* **MATERIAL FOR THE TASK**
lemma mult_rows_identity_entry:
  fixes Y T :: "('a::field) mtx"
  assumes T: "unitri m T" "rows_identity m JS T" and c: "c \<in> {1..m}"
    and zero: "\<And>s. s \<in> JS \<Longrightarrow> s < c \<Longrightarrow> Y k s = 0"
  shows "mmult m Y T k c = Y k c"
proof -
  have lT: "\<And>a b. b < a \<Longrightarrow> T a b = 0" and dT: "\<And>a. a \<in> {1..m} \<Longrightarrow> T a a = 1"
    using T(1) unfolding unitri_def by auto
  have "mmult m Y T k c = Y k c * T c c"
    unfolding mmult_def
  proof (rule sum_single)
    fix t assume t: "t \<in> {1..m}" "t \<noteq> c"
    show "Y k t * T t c = 0"
    proof (cases "t \<in> JS")
      case False
      then show ?thesis using T(2) t unfolding rows_identity_def mid_def by auto
    next
      case True
      then show ?thesis using zero[of t] lT[of c t] t by (cases "t < c") auto
    qed
  qed (use c in auto)
  then show ?thesis using dT c by simp
qed
text \<open>The columns involved are
  unchanged, because in the relevant rows the matrix vanishes in all marked columns.\<close>

lemma swept_rca_product:
  fixes m r :: nat and Y :: "('a::field) mtx" and Q :: "nat \<Rightarrow> (nat \<times> nat) set"
  defines "PP \<equiv> earlier Q r" and "T \<equiv> rca_T m r Y Q"
  assumes r: "1 \<le> r" and P: "pivot_set m r PP" and Y: "swept m r PP Y"
  shows "swept m (Suc r) (PP \<union> cand m r Y Q) (mmult m Y T)"
proof -
  define new where "new = cand m r Y Q"
  define JS where "JS = snd ` new"
  note Y1 = sweptD(1)[OF Y]
  have newD: "r < l \<and> l \<le> m \<and> h = l - r \<and> Y h l \<noteq> 0 \<and> col_free PP l" if "(h,l) \<in> new" for h l
    using that unfolding new_def cand_iff PP_def by auto
  have JSD: "s \<in> {1..m} \<and> col_free PP s" if "s \<in> JS" for s
    using that newD[of "s - r" s] unfolding JS_def new_def rca_marked_iff by auto
  have T: "unitri m T" "rows_identity m JS T"
    using rca_T_props unfolding T_def JS_def new_def by blast+
  have unchanged: "mmult m Y T t c = Y t c"
    if "c \<in> {1..m}" "t \<in> {1..m}" "c - t \<le> r" for c t
  proof (rule mult_rows_identity_entry[OF T that(1)])
    fix s assume s: "s \<in> JS" "s < c"
    have "s - t < r" using s(2) that(3) r by arith
    then show "Y t s = 0" using Y1 JSD[OF s(1)] that(2) by blast
  qed
  have free: "mmult m Y T t c = 0"
    if c: "c \<in> {1..m}" and t: "t \<in> {1..m}" and fc: "col_free (PP \<union> new) c"
      and ct: "c - t < Suc r" for c t
  proof -
    have fc0: "col_free PP c" using fc unfolding col_free_def by auto
    have "Y t c = 0"
    proof (cases "c - t < r")
      case True
      then show ?thesis using Y1 c t fc0 by blast
    next
      case False
      then have "t = c - r \<and> r < c" using t ct r by auto
      moreover have "(c - r, c) \<notin> new" using fc unfolding col_free_def by auto
      ultimately show ?thesis using c fc0 unfolding new_def cand_iff PP_def by auto
    qed
    then show ?thesis using unchanged c t ct by simp
  qed
  have pivot: "mmult m Y T h l \<noteq> 0 \<and> (\<forall>k\<in>{1..m}. h < k \<longrightarrow> mmult m Y T k l = 0)"
    if hl: "(h,l) \<in> PP \<union> new" for h l
  proof -
    have "l - h \<le> r" using hl pivot_setD(1)[OF P, of h l] newD[of h l] by auto
    moreover note lowest = pivot_lowest[OF r P[unfolded PP_def] Y[unfolded PP_def] hl[unfolded PP_def new_def]]
    ultimately have "mmult m Y T k l = Y k l" if "k \<in> {1..m}" "h \<le> k" for k
      using unchanged[of l k] that by auto
    then show ?thesis using lowest by auto
  qed
  show ?thesis
    unfolding swept_def using free pivot unfolding new_def by blast
qed

lemma rca_product_clears_marked_rows:
  fixes m r :: nat and Y :: "('a::field) mtx" and Q :: "nat \<Rightarrow> (nat \<times> nat) set"
  defines "PP \<equiv> earlier Q r"
  assumes r: "1 \<le> r" and Y: "swept m r PP Y"
    and j: "(j - r, j) \<in> cand m r Y Q" and q: "q \<in> {j+1..m}"
  shows "mmult m Y (rca_T m r Y Q) (j - r) q = 0"
proof -
  define JS where "JS = snd ` cand m r Y Q"
  define js where "js = sorted_list_of_set JS"
  have JSD: "r < s \<and> s \<le> m \<and> Y (s - r) s \<noteq> 0 \<and> col_free PP s" if "s \<in> JS" for s
    using that unfolding JS_def rca_marked_iff cand_iff PP_def by auto
  have "finite JS" using JSD by (metis finite_nat_set_iff_bounded_le)
  then have set_js: "set js = JS" unfolding js_def by simp
  have "\<forall>s\<in>set js. \<forall>q\<in>{s+1..m}. mmult m Y (rca_prod m r Y js) (s - r) q = 0"
  proof (rule rca_prod_clears_rows)
    show "sorted_wrt (<) js" unfolding js_def by (rule strict_sorted_list_of_set)
    show "set js \<subseteq> {1..m}" "\<forall>s\<in>set js. Y (s - r) s \<noteq> 0"
      using set_js JSD r by (fastforce, blast)
    show "\<forall>s\<in>set js. \<forall>q\<in>{s..m}. Y (s - r) q = Y (s - r) q" by simp
    show "\<forall>s\<in>set js. \<forall>t\<in>set js. t < s \<longrightarrow> Y (s - r) t = 0"
    proof (intro ballI impI)
      fix s t assume s: "s \<in> set js" and t: "t \<in> set js" and ts: "t < s"
      have "t - (s - r) < r" "s - r \<in> {1..m}" "t \<in> {1..m}"
        using ts JSD[of s] JSD[of t] s t set_js r by auto
      then show "Y (s - r) t = 0" using sweptD(1)[OF Y] JSD[of t] t set_js by blast
    qed
  qed
  moreover have "j \<in> set js" using j set_js rca_marked_iff unfolding JS_def by blast
  ultimately show ?thesis using q unfolding rca_T_eq js_def JS_def by blast
qed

* **TRY IT**
From the data above, state how many lines contain the string "zero", offering no other words.

* **OUTPUT FOR THIS EXERCISE**
2